In the ACS report Alex Kreit proposes a number of short term changes in the law and the way we spend money that would have an immediate affect upon our society for the new administration. He points out that during the last forty years we have spent a lot of money on supply reduction and insufficient funds on demand reduction. Yet the dollars spent on demand reduction are much more effective than those spent on supply reduction. He suggests spending less money on ineffective supply reduction programs such as source-country crop eradication programs and more money on treatment programs such as the Adult, Juvenile and Family Drug Court Program. Even when the eradication in one county is successful the growth of poppies or coca just moves to another country. Kreit points out that the drug courts are not perfect but they have positive results and are less expensive.
Among the immediate modifications of the law that he recommends are amendments to the mandatory minimum drug sentence laws, Federal encouragement of state medical marijuana laws, lifting the 1988 ban on the use of Federal money on needle exchange programs, and repealing the ban on financial aid to students with drug convictions. Under the mandatory minimums, sentences are base on the quantity of narcotics. Thus a mule who drives a truckload of drugs across the border has the same mandatory minimum sentence as the drug kingpin who owns the drugs. Kreit recommends that the mandatory minimums be amended in such a way that they exclude lower level and mid level participants. Needle exchanges have proved to be financially effective and they are an important tool in the fight against AIDS. The ban on financial aid affects mostly the poor and middle class and is counter productive in decreasing drug use.

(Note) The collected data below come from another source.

definition pmatch :: "pchar list \<Rightarrow> pchar list \<Rightarrow> bool" where
  "pmatch x y \<longleftrightarrow> length x = length y \<and>
     (\<exists>f. bij f \<and> (\<forall>c. is_static c \<longrightarrow> f c = c) \<and> (\<forall>i < length x. x ! i = f (y ! i)))"

definition spe :: "pchar list \<Rightarrow> pchar list" where
  "spe w = (LEAST x. pmatch x w)"

text \<open>prev of the suffix T[i..] (1-indexed, 1 <= i <= |T|).\<close>
definition psuf :: "pchar list \<Rightarrow> nat \<Rightarrow> pchar list" where
  "psuf T i = prev (drop (i - 1) T)"

definition psufs :: "pchar list \<Rightarrow> pchar list set" where
  "psufs T = psuf T ` {1..length T}"

definition PSA :: "pchar list \<Rightarrow> nat list" where
  "PSA T = sort_key (psuf T) [1..<length T + 1]"

fun lcp :: "'a list \<Rightarrow> 'a list \<Rightarrow> nat" where
  "lcp (x # xs) (y # ys) = (if x = y then Suc (lcp xs ys) else 0)"
| "lcp _ _ = 0"

definition PLCP :: "pchar list \<Rightarrow> nat list" where
  "PLCP T = map (\<lambda>i. if i = 0 then 0
                     else lcp (psuf T (PSA T ! (i - 1))) (psuf T (PSA T ! i))) [0..<length T]"

text \<open>Nodes of PSTree(T), the compact trie of psufs T, identified with their strings:
  the root, the leaves, and the branching internal nodes.\<close>
definition PSTree_nodes :: "pchar list \<Rightarrow> pchar list set" where
  "PSTree_nodes T = {[]} \<union> psufs T \<union>
     {u. \<exists>a b. a \<noteq> b \<and> (\<exists>s\<in>psufs T. prefix (u @ [a]) s) \<and> (\<exists>s\<in>psufs T. prefix (u @ [b]) s)}"

definition children :: "pchar list \<Rightarrow> pchar list \<Rightarrow> pchar list set" where
  "children T u = {w \<in> PSTree_nodes T. strict_prefix u w \<and>
      \<not> (\<exists>z \<in> PSTree_nodes T. strict_prefix u z \<and> strict_prefix z w)}"

definition leaf_count :: "pchar list \<Rightarrow> pchar list \<Rightarrow> nat" where
  "leaf_count T u = card {s \<in> psufs T. prefix u s}"

definition sigmaT :: "pchar list \<Rightarrow> nat" where
  "sigmaT T = card {c \<in> set T. is_static c}"

definition piT :: "pchar list \<Rightarrow> nat" where
  "piT T = card {c \<in> set T. \<not> is_static c}"

definition is_pnode :: "pchar list \<Rightarrow> pchar list \<Rightarrow> bool" where
  "is_pnode T u \<longleftrightarrow> u \<in> PSTree_nodes T \<and> leaf_count T u \<ge> max (sigmaT T) (piT T)"

definition is_branching_pnode :: "pchar list \<Rightarrow> pchar list \<Rightarrow> bool" where
  "is_branching_pnode T u \<longleftrightarrow> is_pnode T u \<and> 2 \<le> card {w \<in> children T u. is_pnode T w}"
lemma quadratic_form_conj_diag:
  assumes z: "z \<in> carrier_vec n"
  shows "z \<bullet> (transpose_mat A * (c \<cdot>\<^sub>m (U * mat_diag m d * transpose_mat U)) * A *\<^sub>v z)
    = c * (\<Sum>i = 0..<min m n. d i * (sigma i)\<^sup>2 * ((transpose_mat V *\<^sub>v z) $ i)\<^sup>2)"
proof -
  define M where "M = U * mat_diag m d * transpose_mat U"
  define w where "w = transpose_mat V *\<^sub>v z"
  define u where "u = S *\<^sub>v w"
  have M: "M \<in> carrier_mat m m" unfolding M_def using U by (intro mult_carrier_mat[of _ m m]) auto
  have w: "w \<in> carrier_vec n" and u: "u \<in> carrier_vec m" unfolding u_def w_def using S V z by simp_all
  have "A *\<^sub>v z = (U * S) *\<^sub>v w"
    unfolding A_eq w_def using U S V z by (intro assoc_mult_mat_vec) auto
  also have "\<dots> = U *\<^sub>v u"
    unfolding u_def using U S w by (intro assoc_mult_mat_vec) auto
  finally have Az: "A *\<^sub>v z = U *\<^sub>v u" .
  have "z \<bullet> (transpose_mat A * (c \<cdot>\<^sub>m M) * A *\<^sub>v z) = (U *\<^sub>v u) \<bullet> ((c \<cdot>\<^sub>m M) *\<^sub>v (U *\<^sub>v u))"
    using scalar_prod_transpose_mult_mult_vec[OF A_carrier _ z, of "c \<cdot>\<^sub>m M"] M unfolding Az by simp
  also have "\<dots> = c * (u \<bullet> (mat_diag m d *\<^sub>v u))"
    using smult_mat_mult_vec[OF M, of "U *\<^sub>v u" c] orthogonal_conj_quadratic_form[OF U U_orth _ u, of "mat_diag m d"]
      M U u unfolding M_def by simp
  also have "u \<bullet> (mat_diag m d *\<^sub>v u) = (\<Sum>i = 0..<m. d i * (u $ i)\<^sup>2)"
    by (rule scalar_prod_mat_diag[OF u])
  also have "\<dots> = (\<Sum>i = 0..<m. if i < n then d i * (sigma i)\<^sup>2 * (w $ i)\<^sup>2 else 0)"
    unfolding u_def by (intro sum.cong) (auto simp: mult_mat_vec_diagonal[OF S S_entries w] power_mult_distrib)
  also have "\<dots> = (\<Sum>i = 0..<min m n. d i * (sigma i)\<^sup>2 * (w $ i)\<^sup>2)"
    by (rule sum.mono_neutral_cong_right) auto
  finally show ?thesis unfolding M_def w_def .
qed

lemma quadratic_form_ge_on_range_transpose:
  assumes coeff: "\<And>i. i < min m n \<Longrightarrow> sigma i \<noteq> 0 \<Longrightarrow> c \<le> e * d i * (sigma i)\<^sup>2"
    and y: "y \<in> carrier_vec m" and zy: "z = transpose_mat A *\<^sub>v y"
  shows "c * (z \<bullet> z) \<le> z \<bullet> (transpose_mat A * (e \<cdot>\<^sub>m (U * mat_diag m d * transpose_mat U)) * A *\<^sub>v z)"
proof -
  define w where "w = transpose_mat V *\<^sub>v z"
  have z: "z \<in> carrier_vec n" unfolding zy using A_carrier y by simp
  have w_zero: "w $ j = 0" if "j < n" "j < m \<Longrightarrow> sigma j = 0" for j
    using transpose_V_mult_range_transpose[OF y \<open>j < n\<close>] that unfolding w_def zy by auto
  have "w \<in> carrier_vec n" unfolding w_def using V z by simp
  then have "w \<bullet> w = (\<Sum>j = 0..<n. (w $ j)\<^sup>2)" by (simp add: scalar_prod_def power2_eq_square)
  then have "c * (z \<bullet> z) = (\<Sum>j = 0..<n. c * (w $ j)\<^sup>2)"
    using scalar_prod_transpose_V[OF z] unfolding w_def by (simp add: sum_distrib_left)
  also have "\<dots> \<le> (\<Sum>j = 0..<n. if j < m then e * d j * (sigma j)\<^sup>2 * (w $ j)\<^sup>2 else 0)"
  proof (rule sum_mono)
    fix j assume "j \<in> {0..<n}"
    then show "c * (w $ j)\<^sup>2 \<le> (if j < m then e * d j * (sigma j)\<^sup>2 * (w $ j)\<^sup>2 else 0)"
      using coeff[of j] w_zero[of j] by (cases "j < m \<and> sigma j \<noteq> 0") (auto intro: mult_right_mono)
  qed
  also have "\<dots> = (\<Sum>j = 0..<min m n. e * d j * (sigma j)\<^sup>2 * (w $ j)\<^sup>2)"
    by (rule sum.mono_neutral_cong_right) auto
  also have "\<dots> = z \<bullet> (transpose_mat A * (e \<cdot>\<^sub>m (U * mat_diag m d * transpose_mat U)) * A *\<^sub>v z)"
    unfolding quadratic_form_conj_diag[OF z] w_def sum_distrib_left by (simp add: ac_simps)
  finally show ?thesis .
qed

end

theorem lemma2p3:
  fixes A U V S :: "real mat" and sigma :: "nat \<Rightarrow> real" and m n r s :: nat
  assumes A: "A \<in> carrier_mat m n"
    and U: "U \<in> carrier_mat m m" and U_orth: "transpose_mat U * U = 1\<^sub>m m"
    and V: "V \<in> carrier_mat n n" and V_orth: "transpose_mat V * V = 1\<^sub>m n"
    and S: "S \<in> carrier_mat m n"
    and S_entries: "\<And>i j. i < m \<Longrightarrow> j < n \<Longrightarrow> S $$ (i, j) = (if i = j then sigma i else 0)"
    and svd: "A = U * S * transpose_mat V"
    and r_le: "r \<le> min m n"
    and sigma_pos: "\<And>i. i < r \<Longrightarrow> sigma i > 0"
    and sigma_zero: "\<And>i. r \<le> i \<Longrightarrow> i < min m n \<Longrightarrow> sigma i = 0"
    and sigma_mono: "\<And>i j. i \<le> j \<Longrightarrow> j < r \<Longrightarrow> sigma j \<le> sigma i"
    and s: "1 \<le> s" "s \<le> r"
  shows "let lam = (\<lambda>i. if i < r then (sigma i)\<^sup>2 else 0);
             H = (1 / esym {0..<m} lam s) \<cdot>\<^sub>m
                   (U * mat_diag m (\<lambda>i. esym ({0..<m} - {i}) lam (s - 1)) * transpose_mat U)
         in \<forall>z \<in> carrier_vec n. (\<exists>y \<in> carrier_vec m. z = transpose_mat A *\<^sub>v y) \<longrightarrow>
              z \<bullet> (transpose_mat A * H * A *\<^sub>v z)
                \<ge> (sigma (r - 1))\<^sup>2 / (\<Sum>j = s - 1..<r. (sigma j)\<^sup>2) * (z \<bullet> z)"
proof -
  interpret svd A U V S sigma m n
    using U U_orth V V_orth S S_entries svd by unfold_locales
  define lam where "lam = (\<lambda>i. if i < r then (sigma i)\<^sup>2 else (0::real))"
  define E where "E = esym {0..<m} lam s"
  define d where "d = (\<lambda>i. esym ({0..<m} - {i}) lam (s - 1))"
  have lam_pos: "lam j > 0" if "j < r" for j unfolding lam_def using sigma_pos[OF that] that by simp
  have lam_mono: "lam j \<le> lam i" if "i \<le> j" "j < r" for i j
    unfolding lam_def using that sigma_mono[OF that] sigma_pos[of j] by (simp add: power_mono)
  have lam_sum: "(\<Sum>j = s - 1..<r. lam j) = (\<Sum>j = s - 1..<r. (sigma j)\<^sup>2)"
    unfolding lam_def by (intro sum.cong) auto
  have coeff: "(sigma (r - 1))\<^sup>2 / (\<Sum>j = s - 1..<r. (sigma j)\<^sup>2) \<le> 1 / E * d i * (sigma i)\<^sup>2"
    if "i < min m n" "sigma i \<noteq> 0" for i
  proof -
    have i: "i < r" using that sigma_zero not_less by blast
    then have "lam (r - 1) / (\<Sum>j = s - 1..<r. lam j) \<le> d i * lam i / E"
      unfolding d_def E_def using lam_pos lam_mono r_le s
      by (intro esym_ratio_lower_bound) (auto simp: lam_def)
    then show ?thesis using i s unfolding lam_sum by (simp add: lam_def)
  qed
  show ?thesis
    unfolding Let_def lam_def[symmetric] E_def[symmetric] d_def[symmetric]
    using quadratic_form_ge_on_range_transpose[OF coeff] by auto
qed

end
(* Let $m\ge1$ be an integer, let $\tilde H\in\Omega_{2n}$ be invertible and Hermitian, and let $\tilde B\in\Omega_{2n}$ be $\tilde H$-selfadjoint with $\sigma(\tilde B)\subset(0,\infty)$. Then there exists an $\tilde H$-selfadjoint $\tilde A\in\Omega_{2n}$ such that $\tilde A^m=\tilde B$.
   Context: $\Omega_{2n}=\{\begin{bmatrix}A_1&\bar A_2\\-A_2&\bar A_1\end{bmatrix}: A_1,A_2\in\mathbb{C}^{n\times n}\}\subset\mathbb{C}^{2n\times 2n}$. For an invertible Hermitian $H$, $A$ is $H$-selfadjoint if $HA=A^*H$. $\sigma(\cdot)$ denotes the spectrum. *)

theory Defs
  imports "Jordan_Normal_Form.Schur_Decomposition"
begin

definition Omega :: "nat \<Rightarrow> complex mat set" where
  "Omega n = {four_block_mat A1 (map_mat cnj A2) (- A2) (map_mat cnj A1) | A1 A2.
                A1 \<in> carrier_mat n n \<and> A2 \<in> carrier_mat n n}"

definition hermitian_mat :: "complex mat \<Rightarrow> bool" where
  "hermitian_mat H \<longleftrightarrow> H \<in> carrier_mat (dim_row H) (dim_row H) \<and> mat_adjoint H = H"

definition H_selfadjoint :: "complex mat \<Rightarrow> complex mat \<Rightarrow> bool" where
  "H_selfadjoint H A \<longleftrightarrow> H * A = mat_adjoint A * H"

definition spectrum_mat :: "complex mat \<Rightarrow> complex set" where
  "spectrum_mat A = {k. eigenvalue A k}"

end

theory Submission
  imports Defs "HOL-Computational_Algebra.Field_as_Ring"
begin

(* The spectrum of B is positive real, so char_poly B splits into linear factors X - d with real
   d > 0. Newton lifting of the real m-th root of each d, glued by the Chinese remainder theorem,
   gives a real polynomial p with char_poly B dividing p^m - X, so A = p(B) satisfies A^m = B by
   Cayley-Hamilton. Being a real polynomial in B, A inherits every (anti)linear intertwining
   relation of B: the relation K conj(B) = B K that characterises Omega, and H B = B^* H. *)

section \<open>Real m-th roots of X modulo products of linear factors\<close>

lemma square_dvd_power_add_minus_linear:
  fixes p e :: "'a :: comm_ring_1"
  shows "e\<^sup>2 dvd (p + e) ^ m - p ^ m - of_nat m * p ^ (m - 1) * e"
proof (cases m)
  case 0
  then show ?thesis by simp
next
  case (Suc k)
  have "e\<^sup>2 dvd (p + e) ^ Suc k - p ^ Suc k - of_nat (Suc k) * p ^ k * e"
  proof (induction k)
    case 0
    show ?case by simp
  next
    case (Suc k)
    then obtain s where "(p + e) ^ Suc k - p ^ Suc k - of_nat (Suc k) * p ^ k * e = e\<^sup>2 * s"
      by (elim dvdE)
    then have s: "(p + e) ^ Suc k = p ^ Suc k + of_nat (Suc k) * p ^ k * e + e\<^sup>2 * s"
      by (simp add: algebra_simps)
    have "(p + e) ^ Suc (Suc k) - p ^ Suc (Suc k) - of_nat (Suc (Suc k)) * p ^ Suc k * e
        = e\<^sup>2 * ((p + e) * s + of_nat (Suc k) * p ^ k)"
      by (subst power_Suc, subst s) (simp add: algebra_simps power2_eq_square)
    then show ?case by simp
  qed
  with Suc show ?thesis by simp
qed

lemma power_diff_dvd_power_diff:
  fixes a b :: "'a :: comm_ring_1"
  shows "a - b dvd a ^ k - b ^ k"
proof (induction k)
  case (Suc k)
  have "a ^ Suc k - b ^ Suc k = a * (a ^ k - b ^ k) + (a - b) * b ^ k"
    by (simp add: algebra_simps)
  with Suc show ?case by simp
qed simp
(* Let $X$ and $Y$ be finite $T_0$-spaces. (1) If $X$ and $Y$ are minimal finite spaces and $X$ is homotopy equivalent to $Y$, then $\det(X_M)=\det(Y_M)$. (2) If $X$ is homotopy equivalent to $Y$, then $|\det(X_M)|=|\det(Y_M)|$. (3) If $X$ is contractible, then $\det(X_M)=0$.
   Context: A finite $T_0$-space is identified with a finite poset via $x\le y$ iff $U_x\subseteq U_y$, where $U_x$ is the minimal open set containing $x$. For a labelling $X=\{x_1,\dots,x_n\}$, $X_M=(x_{i,j})$ is the $n\times n$ matrix with $x_{i,j}=0$ if $x_i\le x_j$ and $x_{i,j}=1$ otherwise; its determinant does not depend on the labelling. A point $x$ is a beat point if $\{y:y<x\}$ has a maximum or $\{y:y>x\}$ has a minimum. A minimal finite space is a finite $T_0$-space with no beat points. Homotopy equivalence and contractibility are in the usual topological sense. *)

theory Defs
  imports "HOL-Analysis.Analysis" "Jordan_Normal_Form.Determinant"
begin

definition minimal_open :: "'a topology \<Rightarrow> 'a \<Rightarrow> 'a set" where
  "minimal_open X x = \<Inter>{U. openin X U \<and> x \<in> U}"

definition fin_le :: "'a topology \<Rightarrow> 'a \<Rightarrow> 'a \<Rightarrow> bool" where
  "fin_le X x y \<longleftrightarrow> minimal_open X x \<subseteq> minimal_open X y"

definition fin_lt :: "'a topology \<Rightarrow> 'a \<Rightarrow> 'a \<Rightarrow> bool" where
  "fin_lt X x y \<longleftrightarrow> fin_le X x y \<and> x \<noteq> y"

definition finite_T0_space :: "'a topology \<Rightarrow> bool" where
  "finite_T0_space X \<longleftrightarrow> finite (topspace X) \<and> t0_space X"

definition labelling :: "'a topology \<Rightarrow> (nat \<Rightarrow> 'a) \<Rightarrow> bool" where
  "labelling X f \<longleftrightarrow> bij_betw f {..<card (topspace X)} (topspace X)"
(* Suppose $\mathcal{Y}=\mathcal{W}^\ast+\mathcal{E}$ with $\mathcal{W}^\ast=\sum_{k=1}^K\mathcal{W}^{\ast(k)}$, where $\bar r_k=\mathrm{rank}(\boldsymbol{W}^{\ast(k)}_{(k)})$, and assume $\|\boldsymbol{W}^{\ast(l)}_{(k)}\|_{S_\infty}\le\alpha$ for all $k\neq l$. Let $(\hat{\mathcal{W}}^{(1)},\dots,\hat{\mathcal{W}}^{(K)})$ be any solution of $$\min_{\mathcal{W}^{(1)},\dots,\mathcal{W}^{(K)}}\ \tfrac12\Bigl\|\mathcal{Y}-\sum_{k=1}^K\mathcal{W}^{(k)}\Bigr\|_F^2+\lambda\sum_{k=1}^K\|\boldsymbol{W}^{(k)}_{(k)}\|_{S_1}\quad\text{s.t. } \|\boldsymbol{W}^{(k)}_{(l)}\|_{S_\infty}\le\alpha\ \ \forall\, l\neq k,$$ and $\hat{\mathcal{W}}=\sum_k\hat{\mathcal{W}}^{(k)}$. If $\lambda\ge 2\|\mathcal{E}\|_{\underline{S_\infty/\infty}}+\alpha(K-1)$, then there is a universal constant $c$ such that $$\sum_{k=1}^K\|\hat{\mathcal{W}}^{(k)}-\mathcal{W}^{\ast(k)}\|_F^2\le c\,\lambda^2\sum_{k=1}^K\bar r_k .$$
   Context: Tensors are elements of $\mathbb{R}^{n_1\times\cdots\times n_K}$ with $N=\prod_k n_k$; $\|\cdot\|_F$ is the Euclidean norm of the vectorization. For a tensor $\mathcal{W}$, $\boldsymbol{W}_{(k)}\in\mathbb{R}^{n_k\times N/n_k}$ is its mode-$k$ unfolding (columns are the mode-$k$ fibers); for a tensor $\mathcal{W}^{(l)}$, $\boldsymbol{W}^{(l)}_{(k)}$ is its mode-$k$ unfolding. $\|\cdot\|_{S_1}$ is the trace norm and $\|\cdot\|_{S_\infty}$ the spectral norm. $\|\mathcal{E}\|_{\underline{S_\infty/\infty}}=\max_k\|\boldsymbol{E}_{(k)}\|_{S_\infty}$. $\alpha\ge0$, $\lambda>0$. *)

theory Defs
  imports Complex_Main "Jordan_Normal_Form.DL_Rank"
begin

text \<open>Tensors of order K with mode sizes n 0, ..., n (K-1) (modes are indexed from 0).
  A multi-index is a function nat => nat; a tensor is a real-valued function on multi-indices,
  only its values on tensor_idx K n matter.\<close>

type_synonym tensor = "(nat \<Rightarrow> nat) \<Rightarrow> real"

definition tensor_idx :: "nat \<Rightarrow> (nat \<Rightarrow> nat) \<Rightarrow> (nat \<Rightarrow> nat) set" where
  "tensor_idx K n = {i. (\<forall>k<K. i k < n k) \<and> (\<forall>k\<ge>K. i k = 0)}"

definition frob :: "nat \<Rightarrow> (nat \<Rightarrow> nat) \<Rightarrow> tensor \<Rightarrow> real" where
  "frob K n T = sqrt (\<Sum>i\<in>tensor_idx K n. (T i)\<^sup>2)"

text \<open>Mode-k unfold_mode: row index = i_k, column index j encodes the remaining indices
  in mixed radix (earlier modes vary fastest), j = sum_{m<>k} i_m * prod_{l<m, l<>k} n_l.\<close>

definition unfold_idx :: "nat \<Rightarrow> (nat \<Rightarrow> nat) \<Rightarrow> nat \<Rightarrow> nat \<Rightarrow> nat \<Rightarrow> (nat \<Rightarrow> nat)" where
  "unfold_idx K n k r j = (\<lambda>m. if m = k then r
      else if m < K then (j div (\<Prod>l\<in>{l. l < m \<and> l \<noteq> k}. n l)) mod n m else 0)"

definition unfold_mode :: "nat \<Rightarrow> (nat \<Rightarrow> nat) \<Rightarrow> tensor \<Rightarrow> nat \<Rightarrow> real mat" where
  "unfold_mode K n T k = mat (n k) (\<Prod>l\<in>{l. l < K \<and> l \<noteq> k}. n l)
      (\<lambda>(r, j). T (unfold_idx K n k r j))"

definition mrank :: "real mat \<Rightarrow> nat" where
  "mrank A = vec_space.rank (dim_row A) A"

definition spec_norm :: "real mat \<Rightarrow> real" where
  "spec_norm A = Sup {sqrt (\<Sum>i<dim_row A. (\<Sum>j<dim_col A. A $$ (i, j) * x j)\<^sup>2) | x.
                        (\<Sum>j<dim_col A. (x j)\<^sup>2) \<le> 1}"

text \<open>Positive semidefinite square root and trace norm: tr sqrt(A^T A) = sum of singular values.\<close>
definition psd :: "real mat \<Rightarrow> bool" where
  "psd B \<longleftrightarrow> B = transpose_mat B \<and> (\<forall>v \<in> carrier_vec (dim_row B). 0 \<le> v \<bullet> (B *\<^sub>v v))"
(* Let $(X,\Gamma)$ be a $(\mu,\nu)$-path system space. For every $\delta\ge0$, $\varepsilon\ge0$, $\theta\ge0$ there exists $L\ge0$ with the following property. Let $Y_0,A_1,Y_1,\dots,A_n,Y_n\subseteq X$ be non-empty subsets forming a $(\delta,\varepsilon,L)$-buffering sequence. Then for every $i\in\{1,\dots,n\}$, $d_{A_i}(Y_0,Y_i)>\theta$.
   Context: A path is a rectifiable continuous map $\alpha\colon[a,b]\to X$ parametrised by arc length; it is a $(\kappa,\lambda)$-quasi-geodesic if $d(\alpha(t),\alpha(t'))\le|t-t'|\le\kappa d(\alpha(t),\alpha(t'))+\lambda$. A $(\mu,\nu)$-path system space $(X,\Gamma)$ is a geodesic metric space $X$ with a collection $\Gamma$ of paths closed under subpaths, such that any two points are joined by an element of $\Gamma$ and every element is a $(\mu,\nu)$-quasi-geodesic. A map $\pi_A\colon X\to A$ onto a subset $A$ is $\delta$-constricting if (CS1) $d(x,\pi_A(x))\le\delta$ for $x\in A$, and (CS2) for all $x,y\in X$ and $\gamma\in\Gamma$ joining $x$ to $y$, if $d(\pi_A(x),\pi_A(y))>\delta$ then $\gamma$ meets $B_X(\pi_A(x),\delta)$ and $B_X(\pi_A(y),\delta)$. Notation: $d_A(x,y)=d(\pi_A(x),\pi_A(y))$, $\operatorname{diam}_A(Y)=\operatorname{diam}(\pi_A(Y))$, $d_A(Y,Z)=d(\pi_A(Y),\pi_A(Z))$ (infimum of distances). A sequence $Y_0,A_1,Y_1,\dots,A_n,Y_n$ of non-empty subsets is $(\delta,\varepsilon,L)$-buffering if for each $i\in\{1,\dots,n\}$ there is a $\delta$-constricting map $\pi_{A_i}\colon X\to A_i$ such that: (BS1) if $i\ne n$, $\max\{\operatorname{diam}_{A_i}(A_{i+1}),\operatorname{diam}_{A_{i+1}}(A_i)\}\le\varepsilon$; (BS2) $\max\{\operatorname{diam}_{A_i}(Y_{i-1}),\operatorname{diam}_{A_i}(Y_i)\}\le\varepsilon$; (BS3) $\max\{d(A_i,Y_{i-1}),d(A_i,Y_i)\}\le\varepsilon$; (BS4) $d_{A_i}(Y_{i-1},Y_i)\ge L$. *)

theory Defs
  imports "HOL-Analysis.Analysis"
begin

text \<open>A path is represented as a triple (a, b, alpha): the map alpha restricted to the
interval [a, b].  Only the values of alpha on [a, b] are relevant to the notions below.\<close>

type_synonym 'a rpath = "real \<times> real \<times> (real \<Rightarrow> 'a)"

definition geodesic_space :: "'a::metric_space itself \<Rightarrow> bool" where
  "geodesic_space _ \<longleftrightarrow>
     (\<forall>x y::'a. \<exists>g::real \<Rightarrow> 'a. g 0 = x \<and> g (dist x y) = y \<and>
        (\<forall>s\<in>{0..dist x y}. \<forall>t\<in>{0..dist x y}. dist (g s) (g t) = \<bar>s - t\<bar>))"

definition variation_sums :: "(real \<Rightarrow> 'a::metric_space) \<Rightarrow> real \<Rightarrow> real \<Rightarrow> real set" where
  "variation_sums \<alpha> s t =
     {(\<Sum>i<k. dist (\<alpha> (p i)) (\<alpha> (p (Suc i)))) | k p.
        p 0 = s \<and> p k = t \<and> (\<forall>i<k. p i \<le> p (Suc i))}"

definition rectifiable_on :: "(real \<Rightarrow> 'a::metric_space) \<Rightarrow> real \<Rightarrow> real \<Rightarrow> bool" where
  "rectifiable_on \<alpha> a b \<longleftrightarrow> bdd_above (variation_sums \<alpha> a b)"

definition arc_length :: "(real \<Rightarrow> 'a::metric_space) \<Rightarrow> real \<Rightarrow> real \<Rightarrow> real" where
  "arc_length \<alpha> s t = Sup (variation_sums \<alpha> s t)"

One glaring omission in his list of immediate changes is the need to amend the public housing one strike law. Under the HUD rule families get evicted from public housing when any member of the family is arrested for violation of the law. Its not limited to the immediate family. It includes arrests of guests and those under the control of a member of the household. Thus if a grandchild who spends summers with his grandparents gets arrested for bringing marijuana to school the grandparents can be evicted from public housing. Certainly in the case of drug offenses the rule needs to be modified to limit it to members of the household and to the possession of drugs in the residence.
But the bigger question needs to be answered and it needs to be answered now. It is not too much to ask that a president who ran on the need for change, appoint a blue ribbon commission including doctors, scientists, law enforcement, and specialists in addiction to propose a complete reworking of our drugs laws. While Kreit’s immediate changes make some sense it is more important that the commission be appointed and be given one year to propose significant changes in our drug laws.